### AIM OF THE TASK
Give the lines below again exactly, starting with the line that holds "(b \<otimes> b)))" and going on through the line that holds "N_def by simp".

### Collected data
Segment Open

theorem lemma2p5:
  fixes P :: "(real^'n) set" and lam :: "(real^'n) set \<Rightarrow> int^'n"
    and c :: "int^'n" and x :: "real^'n"
  assumes "simple_polytope P"
    and "characteristic_function P lam"
    and "c \<noteq> 0"
    and "x \<in> P"
  shows "(subtopology (Q_space P lam c) (fibre P lam c x)
            homeomorphic_space top_of_set (sphere (0::real^2) 1)
          \<longleftrightarrow> special_point P lam c x)
       \<and> (\<not> special_point P lam c x \<longrightarrow> (\<exists>q. fibre P lam c x = {q}))"
proof -
  \<comment> \<open>The fibres over a point only depend on \<open>P\<close> being a polytope.\<close>
  have P: "polytope P"
    using assms(1) by (simp add: simple_polytope_def)
  have circles: "top_of_set (sphere (0::complex) 1) homeomorphic_space top_of_set (sphere (0::real^2) 1)"
    by (intro homeomorphic_space_top_of_set homeomorphic_spheres_gen) auto
  show ?thesis
  proof (cases "all_facets_special P lam c x")
    case True
    have "subtopology (Q_space P lam c) (fibre P lam c x)
        homeomorphic_space top_of_set (sphere (0::real^2) 1)"
      using fibre_homeomorphic_circle[OF P assms(4) True assms(3)] circles
      by (rule homeomorphic_space_trans)
    then show ?thesis
      using True special_point_iff_all_facets_special[OF P assms(4)] by simp
  next
    case False
    then have fibre: "fibre P lam c x = {qmap P lam c (0, x)}"
      by (rule fibre_eq_singleton[OF assms(4)])
    then have "topspace (subtopology (Q_space P lam c) (fibre P lam c x)) = {qmap P lam c (0, x)}"
      by (auto simp: fibre_def)
    then have "\<not> subtopology (Q_space P lam c) (fibre P lam c x)
        homeomorphic_space top_of_set (sphere (0::real^2) 1)"
      by (rule singleton_not_homeomorphic_sphere)
    then show ?thesis
      using False fibre special_point_iff_all_facets_special[OF P assms(4)] by simp
  qed
qed

end
lemma inv_add_mult_conj:
  assumes c: "u \<in> carrier R" "v \<in> carrier R" "b \<in> carrier R"
    and nonzero: "u \<otimes> u \<ominus> v \<otimes> v \<otimes> (b \<otimes> b) \<noteq> \<zero>"
  shows "inv (u \<oplus> v \<otimes> b) = u \<otimes> inv (u \<otimes> u \<ominus> v \<otimes> v \<otimes> (b \<otimes> b)) \<oplus>
           \<ominus> (v \<otimes> inv (u \<otimes> u \<ominus> v \<otimes> v \<otimes> (b \<otimes> b))) \<otimes> b"
proof -
  define N where "N = u \<otimes> u \<ominus> v \<otimes> v \<otimes> (b \<otimes> b)"
  have unit: "N \<in> Units R" using nonzero c field_Units unfolding N_def by simp
  have "(u \<oplus> v \<otimes> b) \<otimes> (u \<otimes> inv N \<oplus> \<ominus> (v \<otimes> inv N) \<otimes> b) =
      (u \<otimes> u \<ominus> v \<otimes> v \<otimes> (b \<otimes> b)) \<otimes> inv N"
    using c Units_inv_closed[OF unit] by algebra
  also have "\<dots> = \<one>" using Units_r_inv[OF unit] unfolding N_def .
  finally show ?thesis
    unfolding N_def[symmetric] using c Units_inv_closed[OF unit] by (intro comm_inv_char) auto
qed

end

locale sqrt_adjunction = field R for R (structure) +
  fixes G :: "('a \<times> 'a) set" and a a' b b' :: 'a
  assumes graph: "embedding_graph R G"
    and radicand: "(a, a') \<in> G"
    and root: "b \<in> carrier R" "b \<otimes> b = a" "b \<notin> Domain G"
    and root': "b' \<in> carrier R" "b' \<otimes> b' = a'"
begin

abbreviation (input) adjoined :: "('a \<times> 'a) set" where
  "adjoined \<equiv> adjoin_graph R G b b'"

lemma graph_carrier: "(u, u') \<in> G \<Longrightarrow> u \<in> carrier R \<and> u' \<in> carrier R"
  using embedding_graph_carrier[OF graph] .

lemma adjoined_carrier:
  assumes "(x, y) \<in> adjoined"
  shows "x \<in> carrier R \<and> y \<in> carrier R"
  using assms graph_carrier root(1) root'(1) by (auto elim: adjoin_graphE)

lemma adjoined_single_valued:
  assumes "(x, y) \<in> adjoined" "(x, z) \<in> adjoined"
  shows "y = z"
proof -
  obtain u1 u1' v1 v1' where 1: "(u1, u1') \<in> G" "(v1, v1') \<in> G"
    "x = u1 \<oplus> v1 \<otimes> b" "y = u1' \<oplus> v1' \<otimes> b'"
    using assms(1) by (rule adjoin_graphE)
  obtain u2 u2' v2 v2' where 2: "(u2, u2') \<in> G" "(v2, v2') \<in> G"
    "x = u2 \<oplus> v2 \<otimes> b" "z = u2' \<oplus> v2' \<otimes> b'"
    using assms(2) by (rule adjoin_graphE)
  have "u1 = u2" "v1 = v2"
    using adjoin_coordinates_unique[OF subfield_Domain_embedding_graph[OF graph] root(1,3)] 1 2
    by (metis Domain.DomainI)+
  then show ?thesis
    using 1 2 embedding_graph_unique[OF graph] by metis
qed

lemma adjoined_add:
  assumes "(x, y) \<in> adjoined" "(x2, y2) \<in> adjoined"
  shows "(x \<oplus> x2, y \<oplus> y2) \<in> adjoined"
proof -
  obtain u1 u1' v1 v1' where 1: "(u1, u1') \<in> G" "(v1, v1') \<in> G"
    "x = u1 \<oplus> v1 \<otimes> b" "y = u1' \<oplus> v1' \<otimes> b'"
    using assms(1) by (rule adjoin_graphE)
  obtain u2 u2' v2 v2' where 2: "(u2, u2') \<in> G" "(v2, v2') \<in> G"
    "x2 = u2 \<oplus> v2 \<otimes> b" "y2 = u2' \<oplus> v2' \<otimes> b'"
    using assms(2) by (rule adjoin_graphE)
  note c = graph_carrier[OF 1(1)] graph_carrier[OF 1(2)] graph_carrier[OF 2(1)] graph_carrier[OF 2(2)]
  have "((u1 \<oplus> u2) \<oplus> (v1 \<oplus> v2) \<otimes> b, (u1' \<oplus> u2') \<oplus> (v1' \<oplus> v2') \<otimes> b') \<in> adjoined"
    using adjoin_graphI[OF embedding_graph_add[OF graph 1(1) 2(1)] embedding_graph_add[OF graph 1(2) 2(2)]] .
  moreover have "x \<oplus> x2 = (u1 \<oplus> u2) \<oplus> (v1 \<oplus> v2) \<otimes> b" "y \<oplus> y2 = (u1' \<oplus> u2') \<oplus> (v1' \<oplus> v2') \<otimes> b'"
    unfolding 1 2 using c root(1) root'(1) by algebra+
  ultimately show ?thesis by simp
qed

lemma adjoined_mult:
  assumes "(x, y) \<in> adjoined" "(x2, y2) \<in> adjoined"
  shows "(x \<otimes> x2, y \<otimes> y2) \<in> adjoined"
proof -
  obtain u1 u1' v1 v1' where 1: "(u1, u1') \<in> G" "(v1, v1') \<in> G"
    "x = u1 \<oplus> v1 \<otimes> b" "y = u1' \<oplus> v1' \<otimes> b'"
    using assms(1) by (rule adjoin_graphE)
  obtain u2 u2' v2 v2' where 2: "(u2, u2') \<in> G" "(v2, v2') \<in> G"
    "x2 = u2 \<oplus> v2 \<otimes> b" "y2 = u2' \<oplus> v2' \<otimes> b'"
    using assms(2) by (rule adjoin_graphE)
  note c = graph_carrier[OF 1(1)] graph_carrier[OF 1(2)] graph_carrier[OF 2(1)] graph_carrier[OF 2(2)]
  note add = embedding_graph_add[OF graph] and mult = embedding_graph_mult[OF graph]
  have "((u1 \<otimes> u2 \<oplus> v1 \<otimes> v2 \<otimes> a) \<oplus> (u1 \<otimes> v2 \<oplus> v1 \<otimes> u2) \<otimes> b,
         (u1' \<otimes> u2' \<oplus> v1' \<otimes> v2' \<otimes> a') \<oplus> (u1' \<otimes> v2' \<oplus> v1' \<otimes> u2') \<otimes> b') \<in> adjoined"
    using adjoin_graphI[OF add[OF mult[OF 1(1) 2(1)] mult[OF mult[OF 1(2) 2(2)] radicand]]
        add[OF mult[OF 1(1) 2(2)] mult[OF 1(2) 2(1)]]] .
  moreover have "x \<otimes> x2 = (u1 \<otimes> u2 \<oplus> v1 \<otimes> v2 \<otimes> (b \<otimes> b)) \<oplus> (u1 \<otimes> v2 \<oplus> v1 \<otimes> u2) \<otimes> b"
    "y \<otimes> y2 = (u1' \<otimes> u2' \<oplus> v1' \<otimes> v2' \<otimes> (b' \<otimes> b')) \<oplus> (u1' \<otimes> v2' \<oplus> v1' \<otimes> u2') \<otimes> b'"
    unfolding 1 2 using c root(1) root'(1) by algebra+
  ultimately show ?thesis unfolding root(2) root'(2) by simp
qed
lemma killed_extension_blocked:
  assumes r: "r \<in> survivors \<beta> T m" and x: "x \<in> T"
    and killed: "r @ [x] \<notin> survivors \<beta> T (Suc m)"
  shows "\<exists>h\<in>{2..Suc m}. r @ [x] \<in> blocked \<beta> T m h"
proof -
  have sr: "set r \<subseteq> T" and lr: "length r = m" and fr: "rep_free (respond \<beta> r)"
    using r unfolding survivors_def by auto
  have "\<not> rep_free (respond \<beta> (r @ [x]))" using killed sr x lr unfolding survivors_def by auto
  then obtain h where h2: "2 \<le> h" and hm: "h \<le> Suc m" and copies: "\<forall>l. Suc m - h div 2 \<le> l \<and> l \<le> m
      \<longrightarrow> h \<le> 2 * l \<and> (r @ [x]) ! l = respond \<beta> (r @ [x]) ! (2 * l - h)"
    using killed_extension_copies[OF fr _ lr] by blast
  have Lm: "Suc m - h div 2 \<le> m" using h2 by simp
  then have "take (Suc m - h div 2) (r @ [x]) = take (Suc m - h div 2) r" using lr by simp
  moreover have "take (Suc m - h div 2) r \<in> survivors \<beta> T (Suc m - h div 2)"
    using survivors_take[OF r Lm] .
  ultimately have "take (Suc m - h div 2) (r @ [x]) \<in> survivors \<beta> T (Suc m - h div 2)" by simp
  then have "r @ [x] \<in> blocked \<beta> T m h" using sr x lr copies unfolding blocked_def by auto
  then show ?thesis using h2 hm by auto
qed

text \<open>A blocked word is determined by its surviving prefix: the remaining
  symbols are copied, one after the other, from the play so far.\<close>
lemma blocked_determined_by_prefix:
  assumes r1: "r1 \<in> blocked \<beta> T m h" and r2: "r2 \<in> blocked \<beta> T m h" and h: "2 \<le> h"
    and prefix: "take (Suc m - h div 2) r1 = take (Suc m - h div 2) r2"
  shows "r1 = r2"
proof -
  let ?L = "Suc m - h div 2"
  have len1: "length r1 = Suc m" and len2: "length r2 = Suc m"
    using r1 r2 unfolding blocked_def by auto
  have "?L \<le> Suc m" by simp
  then have "take (Suc m) r1 = take (Suc m) r2"
  proof (induction rule: dec_induct)
    case base
    then show ?case using prefix .
  next
    case (step l)
    have lm: "l \<le> m" using step.hyps by simp
    have hl: "h \<le> 2 * l" and c1: "r1 ! l = respond \<beta> r1 ! (2 * l - h)"
      and c2: "r2 ! l = respond \<beta> r2 ! (2 * l - h)"
      using r1 r2 step.hyps lm unfolding blocked_def by auto
    have j: "2 * l - h < 2 * l" using hl h by simp
    have "r1 ! l = respond \<beta> (take l r1) ! (2 * l - h)"
      unfolding c1 by (rule nth_respond_take[OF j]) (use lm len1 in simp)
    also have "\<dots> = r2 ! l"
      unfolding c2 step.IH by (rule nth_respond_take[OF j, symmetric]) (use lm len2 in simp)
    finally show ?case using step.IH lm len1 len2 by (simp add: take_Suc_conv_app_nth)
  qed
  then show ?thesis using len1 len2 by simp
qed

lemma card_blocked:
  assumes "finite T" "2 \<le> h"
  shows "card (blocked \<beta> T m h) \<le> card (survivors \<beta> T (Suc m - h div 2))"
proof (rule card_inj_on_le[where f = "take (Suc m - h div 2)"])
  show "inj_on (take (Suc m - h div 2)) (blocked \<beta> T m h)"
    unfolding inj_on_def using blocked_determined_by_prefix assms(2) by blast
  show "take (Suc m - h div 2) ` blocked \<beta> T m h \<subseteq> survivors \<beta> T (Suc m - h div 2)"
    unfolding blocked_def by auto
qed (rule finite_survivors[OF assms(1)])

text \<open>Each prefix length m + 1 - j arises from the two sizes h = 2 j, 2 j + 1.\<close>
lemma sum_over_half_sizes:
  fixes f :: "nat \<Rightarrow> nat"
  shows "(\<Sum>h\<in>{2..Suc m}. f (Suc m - h div 2)) \<le> 2 * (\<Sum>i\<in>{1..m}. f i)"
proof -
  have doubled: "(\<Sum>h\<in>{2..2 * M + 1}. g (h div 2)) = 2 * (\<Sum>j\<in>{1..M}. g j)"
    for g :: "nat \<Rightarrow> nat" and M
  proof (induction M)
    case (Suc M)
    have "{2..2 * Suc M + 1} = insert (2 * M + 3) (insert (2 * M + 2) {2..2 * M + 1})" by auto
    then show ?case using Suc by simp
  qed simp
  have "(\<Sum>h\<in>{2..Suc m}. f (Suc m - h div 2)) \<le> (\<Sum>h\<in>{2..2 * m + 1}. f (Suc m - h div 2))"
    by (rule sum_mono2) auto
  also have "\<dots> = 2 * (\<Sum>j\<in>{1..m}. f (Suc m - j))"
    by (rule doubled)
  also have "(\<Sum>j\<in>{1..m}. f (Suc m - j)) = (\<Sum>i\<in>{1..m}. f i)"
    using sum.atLeastAtMost_rev[of f 1 m] by simp
  finally show ?thesis .
qed

lemma survivors_recurrence:
  assumes fin: "finite T"
  shows "card T * card (survivors \<beta> T m)
           \<le> card (survivors \<beta> T (Suc m)) + 2 * (\<Sum>i\<in>{1..m}. card (survivors \<beta> T i))"
proof -
  let ?G = "survivors \<beta> T" and ?B = "blocked \<beta> T m"
  let ?E = "(\<lambda>(r, x). r @ [x]) ` (?G m \<times> T)"
  have "inj_on (\<lambda>(r, x). r @ [x]) (?G m \<times> T)" by (auto simp: inj_on_def)
  then have cardE: "card ?E = card (?G m) * card T"
    by (simp add: card_image card_cartesian_product)
  have "?E - ?G (Suc m) \<subseteq> (\<Union>h\<in>{2..Suc m}. ?B h)"
    using killed_extension_blocked by fastforce
  then have "card (?E - ?G (Suc m)) \<le> card (\<Union>h\<in>{2..Suc m}. ?B h)"
    by (rule card_mono[rotated]) (simp add: finite_blocked[OF fin])
  also have "\<dots> \<le> (\<Sum>h\<in>{2..Suc m}. card (?B h))" by (rule card_UN_le) simp
  also have "\<dots> \<le> (\<Sum>h\<in>{2..Suc m}. card (?G (Suc m - h div 2)))"
    by (rule sum_mono) (use card_blocked[OF fin] in auto)
  also have "\<dots> \<le> 2 * (\<Sum>i\<in>{1..m}. card (?G i))" by (rule sum_over_half_sizes)
  finally have killed: "card (?E - ?G (Suc m)) \<le> 2 * (\<Sum>i\<in>{1..m}. card (?G i))" .
  have "card ?E \<le> card (?E \<inter> ?G (Suc m)) + card (?E - ?G (Suc m))"
    by (metis Int_Diff_Un card_Un_le)
  moreover have "card (?E \<inter> ?G (Suc m)) \<le> card (?G (Suc m))"
    by (rule card_mono) (auto simp: finite_survivors[OF fin])
  ultimately show ?thesis using cardE killed by (simp add: mult.commute)
qed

Segment Closed

### EXERCISE OUTPUT
           \<ominus> (v \<otimes> inv (u \<otimes> u \<ominus> v \<otimes> v \<otimes> (b \<otimes> b))) \<otimes> b"
proof -
  define N where "N = u \<otimes> u \<ominus> v \<otimes> v \<otimes> (b \<otimes> b)"
  have unit: "N \<in> Units R" using nonzero c field_Units unfolding N_def by simp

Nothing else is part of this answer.